"""

Sessions in time-based data: Predicting user purchases with the SessionEncoder
===============================================================================

.. |SessionEncoder| replace:: :class:`~skrub.SessionEncoder`
.. |make_retail_events| replace:: :func:`~skrub.datasets.make_retail_events`
.. |tabular_pipeline| replace:: :func:`~skrub.tabular_pipeline`
.. |TableVectorizer| replace:: :class:`~skrub.TableVectorizer`
.. |DummyClassifier| replace:: :class:`~sklearn.dummy.DummyClassifier`
.. |TimeSeriesSplit| replace:: :class:`~sklearn.model_selection.TimeSeriesSplit`
.. |BaseEstimator| replace:: :class:`~sklearn.base.BaseEstimator`
.. |TransformerMixin| replace:: :class:`~sklearn.base.TransformerMixin`

This example shows how to use |SessionEncoder| in a scikit-learn pipeline to
create session-level features (sessionization) for conversion prediction, that is
predicting whether a user session will eventually lead to a purchase.
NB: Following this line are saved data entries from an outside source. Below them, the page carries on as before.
lemma Mloc_weighted_L1_Lipschitz_on_subcritical:
  assumes "\<gamma> \<noteq> (real CARD('n) + 2) / real CARD('n)" and "1 < \<gamma>" and "0 < n_exp CARD('n) \<gamma>"
  shows "\<exists>K>0. weighted_L1_Lipschitz_on (Mloc \<gamma> :: real \<Rightarrow> real^'n \<Rightarrow> real^'n \<Rightarrow> real) C1 C2 K"
proof -
  define p where "p = n_exp CARD('n) \<gamma> / 2"
  define \<kappa> where "\<kappa> = (2 * \<gamma> / (\<gamma> - 1)) powr (1 / (\<gamma> - 1))"
  have "0 < p"
    using assms unfolding p_def by simp
  interpret dilation_profile "barenblatt p :: real \<Rightarrow> real^'n \<Rightarrow> real" "2 * p + CARD('n)"
    using dilation_profile_barenblatt[OF \<open>0 < p\<close>, where 'a="real^'n"] by simp
  have exponent: "1 / (2 * p + CARD('n)) = (\<gamma> - 1) / 2"
    using assms unfolding p_def n_exp_def by (simp add: field_simps)
  have "0 < \<kappa>"
    unfolding \<kappa>_def using assms by simp
  then obtain K where "0 < K"
    and "weighted_L1_Lipschitz_on
      (\<lambda>r w v. barenblatt p ((\<kappa> * r) powr ((\<gamma> - 1) / 2)) (v - w :: real^'n)) C1 C2 K"
    using weighted_L1_Lipschitz_on_radius[of \<kappa> C1 C2] unfolding exponent by auto
  then have "weighted_L1_Lipschitz_on
      (\<lambda>r w v. c_const CARD('n) \<gamma> * barenblatt p ((\<kappa> * r) powr ((\<gamma> - 1) / 2)) (v - w :: real^'n))
      C1 C2 (\<bar>c_const CARD('n) \<gamma>\<bar> * K + 1)"
    by (intro weighted_L1_Lipschitz_on_mono[OF weighted_L1_Lipschitz_on_cmult]) auto
  moreover have "0 < \<bar>c_const CARD('n) \<gamma>\<bar> * K + 1"
    using \<open>0 < K\<close> by (simp add: add_nonneg_pos)
  moreover have "weighted_L1_Lipschitz_on (Mloc \<gamma> :: real \<Rightarrow> real^'n \<Rightarrow> _) C1 C2 K' \<longleftrightarrow> weighted_L1_Lipschitz_on
      (\<lambda>r w v. c_const CARD('n) \<gamma> * barenblatt p ((\<kappa> * r) powr ((\<gamma> - 1) / 2)) (v - w :: real^'n))
      C1 C2 K'" for K'
    by (rule weighted_L1_Lipschitz_on_cong)
       (simp add: Mloc_eq_barenblatt[OF assms(1,2)] p_def \<kappa>_def)
  ultimately show ?thesis
    by blast
qed

lemma Mloc_weighted_L1_Lipschitz_on:
  assumes "admissible_gamma CARD('n) \<gamma>"
  shows "\<exists>K>0. weighted_L1_Lipschitz_on (Mloc \<gamma> :: real \<Rightarrow> real^'n \<Rightarrow> real^'n \<Rightarrow> real) C1 C2 K"
proof (cases "\<gamma> = (real CARD('n) + 2) / real CARD('n)")
  case True
  then show ?thesis
    by (rule Mloc_weighted_L1_Lipschitz_on_critical)
next
  case False
  with admissible_gamma_subcritical[OF assms False] show ?thesis
    by (intro Mloc_weighted_L1_Lipschitz_on_subcritical)
qed

lemma rho_nonneg: "(\<And>v. 0 \<le> h x v) \<Longrightarrow> 0 \<le> rho h x"
  unfolding rho_def by (simp add: integral_nonneg_AE)

lemma
  fixes h :: "real^'n \<Rightarrow> real^'n \<Rightarrow> real"
  assumes "(\<lambda>(x, v). h x v) \<in> borel_measurable borel"
  shows borel_measurable_rho: "rho h \<in> borel_measurable borel"
    and borel_measurable_vel: "vel h \<in> borel_measurable borel"
proof -
  have h: "(\<lambda>(x, v). h x v) \<in> borel_measurable (lborel \<Otimes>\<^sub>M lborel)"
    using assms by (simp add: lborel_prod)
  then have "(\<lambda>(x, v). h x v *\<^sub>R v) \<in> borel_measurable (lborel \<Otimes>\<^sub>M lborel)"
    by measurable
  from lborel.borel_measurable_lebesgue_integral[OF h] lborel.borel_measurable_lebesgue_integral[OF this]
  have "rho h \<in> borel_measurable borel" "mom h \<in> borel_measurable borel"
    unfolding rho_def[abs_def] mom_def[abs_def] by simp_all
  then show "rho h \<in> borel_measurable borel" "vel h \<in> borel_measurable borel"
    unfolding vel_def[abs_def] by measurable
qed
.. topic:: What is sessionization?

    Sessionization is the process of grouping a sequence of events (like user
    interactions) into meaningful sessions. A session typically starts fresh or
    after a period of inactivity. For example, in an online retail context, you
    might define a new session whenever more than 30 minutes pass with no activity
    from a user. This allows you to extract session-level features (like the total
    number of events in a session or the dominant device type used) which often have
    greater predictive power than raw individual events.

We will:

1. Use |make_retail_events| to generate synthetic retail event data
2. Build a baseline classifier on raw event-level features with the |tabular_pipeline|
3. Add session-level and historical features with |SessionEncoder|
4. Train the same model again and compare ROC-AUC

The data includes columns such as event type, device type, viewed price, and
timestamp. The target is binary: whether the session eventually contains a
purchase event or not.

"""

# %%
# Since this is temporal data, we use a time-aware CV strategy with
# |TimeSeriesSplit| to avoid leakage. We reuse the same splitter for all evaluations.
# The dataset is sorted by timestamp, so the training set will always contain only
# past data relative to the test set.
from sklearn.model_selection import TimeSeriesSplit

splitter = TimeSeriesSplit(n_splits=5)
# %%
# We begin by generating the data with |make_retail_events| and defining our
# features and target.
from skrub import TableReport
from skrub.datasets import make_retail_events

events = make_retail_events(n_users=20, n_events=5000, random_state=0)
X, y = events.X, events.y
TableReport(X)
# %%
# The data contains 5000 events from 20 users, where each event is timestamped.
# Other columns include the event type, device used by the user, page category,
# time spent on page and price of the item. The target variable indicates whether
# a user session eventually contains a purchase event: all events in that session
# will have a target value of 1 if a purchase happens, and 0 otherwise.

# %%
# Sanity check: evaluate a DummyClassifier on raw event data
# ---------------------------------------------------------------
# We begin by evaluating a |DummyClassifier| on the original event data
# (without session features).  Since it's a |DummyClassifier|, we expect
# chance-level performance (ROC-AUC of 0.5).
from sklearn.dummy import DummyClassifier
from sklearn.model_selection import cross_val_score

dummy = DummyClassifier(strategy="most_frequent")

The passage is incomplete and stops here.